**EXERCISE**:
Provide again, from the entries below, every line from the one containing "using stepsize_lower[of k]" through the one containing "using c_mono stepsize_pos[of", exactly as written, and no other line.

**RECORDS FOR THIS EXERCISE**:
--- START ---

lemma matrix_inv_add_diagonal_entry:
  fixes A B :: "real^'n^'n"
  assumes AB: "A ** B = mat 1" and d: "1 + c * B$u$u \<noteq> 0"
  shows "matrix_inv (A + (\<chi> i j. if i = u \<and> j = u then c else 0)) =
         (\<chi> i j. B$i$j - c * B$i$u * B$u$j / (1 + c * B$u$u))"
proof (rule matrix_inv_eqI)
  define d where "d = 1 + c * B$u$u"
  have AB_entry: "(\<Sum>l\<in>UNIV. A$i$l * B$l$j) = (if i = j then 1 else 0)" for i j
    using AB by (simp add: vec_eq_iff matrix_matrix_mult_def mat_def)
  have "(\<Sum>l\<in>UNIV. (A$i$l + (if i = u \<and> l = u then c else 0)) * (B$l$j - c * B$l$u * B$u$j / d))
        = (if i = j then 1 else 0)" for i j
  proof -
    have "(\<Sum>l\<in>UNIV. (A$i$l + (if i = u \<and> l = u then c else 0)) * (B$l$j - c * B$l$u * B$u$j / d))
        = (\<Sum>l\<in>UNIV. A$i$l * B$l$j) - c * B$u$j / d * (\<Sum>l\<in>UNIV. A$i$l * B$l$u)
          + (if i = u then c * (B$u$j - c * B$u$u * B$u$j / d) else 0)"
    proof -
      have "(A$i$l + (if i = u \<and> l = u then c else 0)) * (B$l$j - c * B$l$u * B$u$j / d)
          = A$i$l * B$l$j - c * B$u$j / d * (A$i$l * B$l$u)
            + (if l = u then (if i = u then c * (B$u$j - c * B$u$u * B$u$j / d) else 0) else 0)"
        for l by (auto simp: algebra_simps)
      then show ?thesis
        by (simp add: sum.distrib sum_subtractf sum_distrib_left)
    qed
    also have "\<dots> = (if i = j then 1 else 0)"
    proof -
      have "c * (B$u$j - c * B$u$u * B$u$j / d) = c * B$u$j / d"
        using d by (simp add: d_def field_simps)
      then show ?thesis by (simp add: AB_entry)
    qed
    finally show ?thesis .
  qed
  then show "(A + (\<chi> i j. if i = u \<and> j = u then c else 0)) **
      (\<chi> i j. B$i$j - c * B$i$u * B$u$j / (1 + c * B$u$u)) = mat 1"
    by (simp add: vec_eq_iff matrix_matrix_mult_def mat_def d_def)
qed

(* Only nonempty sets are constrained: at S = {} the matrix Q_S = L is singular. *)
locale antitone_supermodular =
  fixes f :: "'a set \<Rightarrow> real"
  assumes antitone: "S \<noteq> {} \<Longrightarrow> S \<subseteq> T \<Longrightarrow> f T \<le> f S"
    and supermodular:
      "S \<noteq> {} \<Longrightarrow> f (insert v S) - f (insert u (insert v S)) \<le> f S - f (insert u S)"
begin
lemma iter_Suc: "iter (Suc k) = iter k - stepsize k *\<^sub>R g (\<omega> k) (iter k)"
  unfolding stepsize_def decsps_iter_def by (simp add: Let_def split_beta)

lemma stepsize_0: "c 0 * stepsize 0 = min (max (c 0 * gl) (polyak 0)) (c 0 * gb)"
  unfolding stepsize_def decsps_iter_def using c_pos[of 0] by (simp add: Let_def)

lemma stepsize_Suc:
  "c (Suc k) * stepsize (Suc k) = min (max (c 0 * gl) (polyak (Suc k))) (c k * stepsize k)"
  unfolding stepsize_def decsps_iter_def decsps_state.simps(2)[where k = "Suc k"]
  using c_pos[of "Suc k"] by (simp add: Let_def split_beta del: decsps_state.simps)

lemma stepsize_lower: "c 0 * gl \<le> c k * stepsize k"
proof (induction k)
  case 0
  show ?case using stepsize_0 c_pos[of 0] gl_le_gb by simp
next
  case (Suc k)
  then show ?case using stepsize_Suc[of k] by simp
qed

lemma stepsize_upper: "c k * stepsize k \<le> c 0 * gb"
proof (induction k)
  case 0
  show ?case using stepsize_0 by simp
next
  case (Suc k)
  then show ?case using stepsize_Suc[of k] by simp
qed

lemma stepsize_pos: "0 < stepsize k"
  using stepsize_lower[of k] c_pos[of 0] c_pos[of k] gl_pos
  by (metis mult_pos_pos order_less_le_trans zero_less_mult_pos)

lemma stepsize_antimono: "stepsize (Suc k) \<le> stepsize k"
proof -
  have "c (Suc k) * stepsize (Suc k) \<le> c k * stepsize k"
    using stepsize_Suc[of k] by simp
  also have "\<dots> \<le> c (Suc k) * stepsize k"
    using c_mono stepsize_pos[of k] by (simp add: mono_def mult_right_mono)
  finally show ?thesis using c_pos[of "Suc k"] by simp
qed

--- END ---

**EXERCISE SOLUTION**:
  using stepsize_lower[of k] c_pos[of 0] c_pos[of k] gl_pos
  by (metis mult_pos_pos order_less_le_trans zero_less_mult_pos)

lemma stepsize_antimono: "stepsize (Suc k) \<le> stepsize k"
proof -
  have "c (Suc k) * stepsize (Suc k) \<le> c k * stepsize k"
    using stepsize_Suc[of k] by simp
  also have "\<dots> \<le> c (Suc k) * stepsize k"
    using c_mono stepsize_pos[of k] by (simp add: mono_def mult_right_mono)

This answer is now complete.